† Centre for Hydrogen and Fuel Cell Research, School of Chemical Engineering, University of Birmingham, Birmingham B15 2TT, United Kindgom
‡ Nanoscale Physics Research Laboratory, School of Physics and Astronomy, University of Birmingham, Birmingham B15 2TT, United Kindgom
§ Teer Coatings Ltd., Berry Hill Industrial Estate, Droitwich, Worcestershire WR9 9AS, United Kindgom
ACS Catal., 2016, 6 (9), pp 6008–6017
Publication Date (Web): August 2, 2016
Copyright © 2016 American Chemical Society
This report focuses on a novel strategy for the preparation of transition metal–MoS2 hybrid nanoclusters based on a one-step, dual-target magnetron sputtering, and gas condensation process demonstrated for Ni-MoS2. Aberration-corrected STEM images coupled with EDX analysis confirms the presence of Ni and MoS2 in the hybrid nanoclusters (average diameter = 5.0 nm, Mo:S ratio = 1:1.8 ± 0.1).

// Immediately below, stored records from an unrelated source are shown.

section \<open>Consensus dynamics\<close>

lemma ct_interconnection_row_sum:
  assumes "ct_interconnection \<Gamma>"
  shows "(\<Sum>j\<in>UNIV. \<Gamma>$i$j) = 0"
  using assms by (simp add: ct_interconnection_def sum.remove[of UNIV i])

lemma ct_interconnection_diffusive_coupling:
  fixes \<Gamma> :: "real^'p^'p" and X :: "real^'n^'p"
  assumes "ct_interconnection \<Gamma>"
  shows "(\<Sum>j\<in>UNIV - {i}. \<Gamma>$i$j *\<^sub>R (X$j - X$i)) = (\<Gamma> ** X)$i"
proof -
  have "(\<Sum>j\<in>UNIV - {i}. \<Gamma>$i$j *\<^sub>R (X$j - X$i))
          = (\<Sum>j\<in>UNIV - {i}. \<Gamma>$i$j *\<^sub>R X$j) - (\<Sum>j\<in>UNIV - {i}. \<Gamma>$i$j) *\<^sub>R X$i"
    by (simp add: scaleR_diff_right sum_subtractf scaleR_sum_left)
  also have "\<dots> = (\<Sum>j\<in>UNIV. \<Gamma>$i$j *\<^sub>R X$j)"
    using assms by (simp add: ct_interconnection_def sum.remove[of UNIV i])
  finally show ?thesis by (simp add: matrix_matrix_mult_row)
qed

lemma ct_interconnection_mult_const_rows:
  fixes \<Gamma> :: "real^'p^'p"
  assumes "ct_interconnection \<Gamma>"
  shows "\<Gamma> ** (\<chi> i. v) = 0"
  using ct_interconnection_row_sum[OF assms]
  by (simp add: vec_eq_iff matrix_matrix_mult_row scaleR_sum_left[symmetric])

lemma const_rows_mult: "(\<chi> i. r) ** M = (\<chi> i. r v* M)"
  by (simp add: vec_eq_iff matrix_matrix_mult_def vector_matrix_mult_def mult.commute)

lemma left_null_vector_conserved:
  fixes \<Gamma> :: "real^'p^'p" and X :: "real \<Rightarrow> real^'n^'p" and Q :: "real \<Rightarrow> real^'n^'n"
  assumes "r v* \<Gamma> = 0" and "((\<lambda>s. \<Gamma> ** X s ** Q s) has_integral (X t - X 0)) {0..t}"
  shows "r v* X t = r v* X 0"
proof -
  have "bounded_linear (\<lambda>M :: real^'n^'p. r v* M)"
    by (simp add: linear_conv_bounded_linear[symmetric] linear_iff vector_matrix_mult_add_rdistrib
        vector_scaleR_matrix_ac)
  from has_integral_linear[OF assms(2) this]
  have "((\<lambda>s. 0) has_integral r v* (X t - X 0)) {0..t}"
    using assms(1) by (simp add: o_def vector_matrix_mul_assoc[symmetric])
  then show ?thesis by (simp add: vector_matrix_mult_diff_rdistrib)
qed

lemma consensus_error_coupling:
  fixes \<Gamma> :: "real^'p^'p" and X X0 :: "real^'n^'p"
  assumes "ct_interconnection \<Gamma>" and "r \<bullet> (\<chi> i. 1) = 1" and "r v* X = r v* X0"
  shows "(\<Gamma> - (\<chi> i j. r$j)) ** (X - (\<chi> i. r v* X0)) = \<Gamma> ** X"
proof -
  have "r v* (\<chi> i. r v* X0) = r v* X0"
    using assms(2) by (simp add: vector_matrix_mult_rows scaleR_sum_left[symmetric] inner_vec_def)
  then show ?thesis
    using assms(3)
    by (simp add: matrix_mult_diff_left matrix_mult_diff_right const_rows_mult
        ct_interconnection_mult_const_rows[OF assms(1)])
qed

definition consensus_error :: "real^'p \<Rightarrow> (real \<Rightarrow> 'p \<Rightarrow> real^'n) \<Rightarrow> real \<Rightarrow> real^'n^'p" where
  "consensus_error r x t = (\<chi> j. x t j - (\<Sum>k\<in>UNIV. r$k *\<^sub>R x 0 k))"

lemma consensus_error_equation:
  fixes \<Gamma> :: "real^'p^'p" and Q :: "real \<Rightarrow> real^'n^'n" and x :: "real \<Rightarrow> 'p \<Rightarrow> real^'n"
  assumes \<Gamma>: "ct_interconnection \<Gamma>" and r: "r v* \<Gamma> = 0" "r \<bullet> (\<chi> i. 1) = 1"
    and Q: "\<forall>t\<ge>0. pos_semidef (Q t)"
    and x: "\<forall>t\<ge>0. \<forall>i. ((\<lambda>s. Q s *v (\<Sum>j\<in>UNIV - {i}. \<Gamma>$i$j *\<^sub>R (x s j - x s i)))
                      has_integral (x t i - x 0 i)) {0..t}"
    and "0 \<le> t"
  shows "((\<lambda>s. (\<Gamma> - (\<chi> i j. r$j)) ** consensus_error r x s ** Q s)
           has_integral (consensus_error r x t - consensus_error r x 0)) {0..t}"
proof -
  define X where "X s = (\<chi> j. x s j)" for s
  have "(\<Gamma> ** X s)$i = (\<Sum>j\<in>UNIV - {i}. \<Gamma>$i$j *\<^sub>R (x s j - x s i))" for s i
    using ct_interconnection_diffusive_coupling[OF \<Gamma>, where X = "X s"] by (simp add: X_def)
  then have row: "\<Gamma> ** X s ** Q s = (\<chi> i. Q s *v (\<Sum>j\<in>UNIV - {i}. \<Gamma>$i$j *\<^sub>R (x s j - x s i)))"
    if "0 \<le> s" for s
    using that Q by (intro vec_eq_iff[THEN iffD2] allI) (simp add: matrix_mult_sym_row pos_semidef_def)
  have ode: "((\<lambda>s. \<Gamma> ** X s ** Q s) has_integral (X u - X 0)) {0..u}" if "0 \<le> u" for u
  proof -
    have vec: "((\<lambda>s. \<chi> i. Q s *v (\<Sum>j\<in>UNIV - {i}. \<Gamma>$i$j *\<^sub>R (x s j - x s i)))
                 has_integral (\<chi> i. x u i - x 0 i)) {0..u}"
      by (rule has_integral_vec_lambda) (use x that in auto)
    have "X u - X 0 = (\<chi> i. x u i - x 0 i)" by (simp add: X_def vec_eq_iff)
    then show ?thesis by (simp only:) (rule has_integral_eq[OF _ vec], simp add: row)
  qed
  have E: "consensus_error r x s = X s - (\<chi> i. r v* X 0)" for s
    by (simp add: consensus_error_def X_def vec_eq_iff vector_matrix_mult_rows)
  have "\<Gamma> ** X s ** Q s = (\<Gamma> - (\<chi> i j. r$j)) ** consensus_error r x s ** Q s"
    if "s \<in> {0..t}" for s
    using consensus_error_coupling[OF \<Gamma> r(2) left_null_vector_conserved[OF r(1) ode]] that
    by (simp only: E atLeastAtMost_iff)
  then have "((\<lambda>s. (\<Gamma> - (\<chi> i j. r$j)) ** consensus_error r x s ** Q s) has_integral (X t - X 0)) {0..t}"
    by (rule has_integral_eq[OF _ ode[OF \<open>0 \<le> t\<close>]])
  then show ?thesis by (simp add: E)
qed

theorem theorem2:
  fixes \<Gamma> :: "real^'p^'p" and r :: "real^'p" and \<Omega> :: "real^'p^'p"
    and Q :: "real \<Rightarrow> real^'n^'n" and x :: "real \<Rightarrow> 'p \<Rightarrow> real^'n"
  assumes "ct_interconnection \<Gamma>" and "ic_connected \<Gamma>"
    and "r v* \<Gamma> = 0" and "r \<bullet> (\<chi> i. 1) = 1"
    and "pos_def \<Omega>"
    and "transpose (\<Gamma> - (\<chi> i j. r$j)) ** \<Omega> + \<Omega> ** (\<Gamma> - (\<chi> i j. r$j)) = - mat 1"
    and "\<forall>T\<ge>0. riemann_integrable_on Q {0..T}"
    and "\<forall>t\<ge>0. pos_semidef (Q t)"
    and "\<forall>t\<ge>0. \<forall>i. ((\<lambda>s. Q s *v (\<Sum>j\<in>UNIV - {i}. \<Gamma>$i$j *\<^sub>R (x s j - x s i)))
                      has_integral (x t i - x 0 i)) {0..t}"
  shows "\<forall>t\<ge>0. \<forall>i. norm (x t i - (\<Sum>j\<in>UNIV. r$j *\<^sub>R x 0 j))
           \<le> sqrt (sigma_max \<Omega> / sigma_min \<Omega> *
                   (\<Sum>j\<in>UNIV. (norm (x 0 j - (\<Sum>k\<in>UNIV. r$k *\<^sub>R x 0 k)))\<^sup>2))"
proof (intro allI impI)
  fix t :: real and i :: 'p
  assume "0 \<le> t"
  define A where "A = \<Gamma> - (\<chi> i j. r$j)"
  define E where "E = consensus_error r x"
  have ode: "((\<lambda>s. A ** E s ** Q s) has_integral (E u - E 0)) {0..u}" if "u \<in> {0..t}" for u
    using consensus_error_equation[OF assms(1,3,4,8,9)] that by (simp add: A_def E_def)
  have "bounded (E ` {0..t})"
    by (intro compact_imp_bounded compact_continuous_image continuous_on_primitive[OF ode]) auto
  moreover have "bounded (Q ` {0..t})" using assms(7) \<open>0 \<le> t\<close> by (simp add: riemann_integrable_on_imp_bounded)
  ultimately have bounded: "bounded ((\<lambda>s. A ** E s ** Q s) ` {0..t})" by (rule bounded_matrix_mult_image)
  have sym: "sym_matrix \<Omega>" using assms(5) by (simp add: pos_def_def)
  have "\<Omega> ** A + transpose (\<Omega> ** A) = - mat 1"
    using assms(6) sym by (simp add: A_def matrix_transpose_mul sym_matrix_def add.commute)
  then have "E s \<bullet> (\<Omega> ** (A ** E s ** Q s)) \<le> 0" if "s \<in> {0..t}" for s
    using inner_mult_pos_semidef_nonpos[of "\<Omega> ** A" "Q s" "E s"] assms(8) that by (simp add: matrix_mul_assoc)
  then have "E t \<bullet> (\<Omega> ** E t) \<le> E 0 \<bullet> (\<Omega> ** E 0)"
    using \<open>0 \<le> t\<close> by (intro lyapunov_nonincreasing[OF bounded_bilinear_inner_matrix_mult
        sym_matrix_inner_mult_commute[OF sym] ode bounded]) auto
  then have "norm (E t) \<le> sqrt (sigma_max \<Omega> / sigma_min \<Omega> * (norm (E 0))\<^sup>2)"
    by (rule pos_def_norm_le_of_inner_mult_le[OF assms(5)])
  moreover have "(norm (E 0))\<^sup>2 = (\<Sum>j\<in>UNIV. (norm (x 0 j - (\<Sum>k\<in>UNIV. r$k *\<^sub>R x 0 k)))\<^sup>2)"
    by (simp add: E_def consensus_error_def norm_vec_def L2_set_def sum_nonneg)
  moreover have "norm (E t $ i) \<le> norm (E t)" by (rule Finite_Cartesian_Product.norm_nth_le)
  ultimately show "norm (x t i - (\<Sum>j\<in>UNIV. r$j *\<^sub>R x 0 j))
           \<le> sqrt (sigma_max \<Omega> / sigma_min \<Omega> *
                   (\<Sum>j\<in>UNIV. (norm (x 0 j - (\<Sum>k\<in>UNIV. r$k *\<^sub>R x 0 k)))\<^sup>2))"
    by (simp add: E_def consensus_error_def)
qed

end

The Ni-MoS2 nanoclusters display a 100 mV shift in the hydrogen evolution reaction (HER) onset potential and an almost 3-fold increase in exchange current density compared with the undoped MoS2 nanoclusters, the latter effect in agreement with reported DFT calculations. This activity is only reached after air exposure of the Ni-MoS2 hybrid nanoclusters, suggested by XPS measurements to originate from a Ni dopant atoms oxidation state conversion from metallic to 2+ characteristic of the NiO species active to the HER. Anodic stripping voltammetry (ASV) experiments on the Ni-MoS2 hybrid nanoclusters confirm the presence of Ni-doped edge sites and reveal distinctive electrochemical features associated with both doped Mo-edge and doped S-edge sites which correlate with both their thermodynamic stability and relative abundance.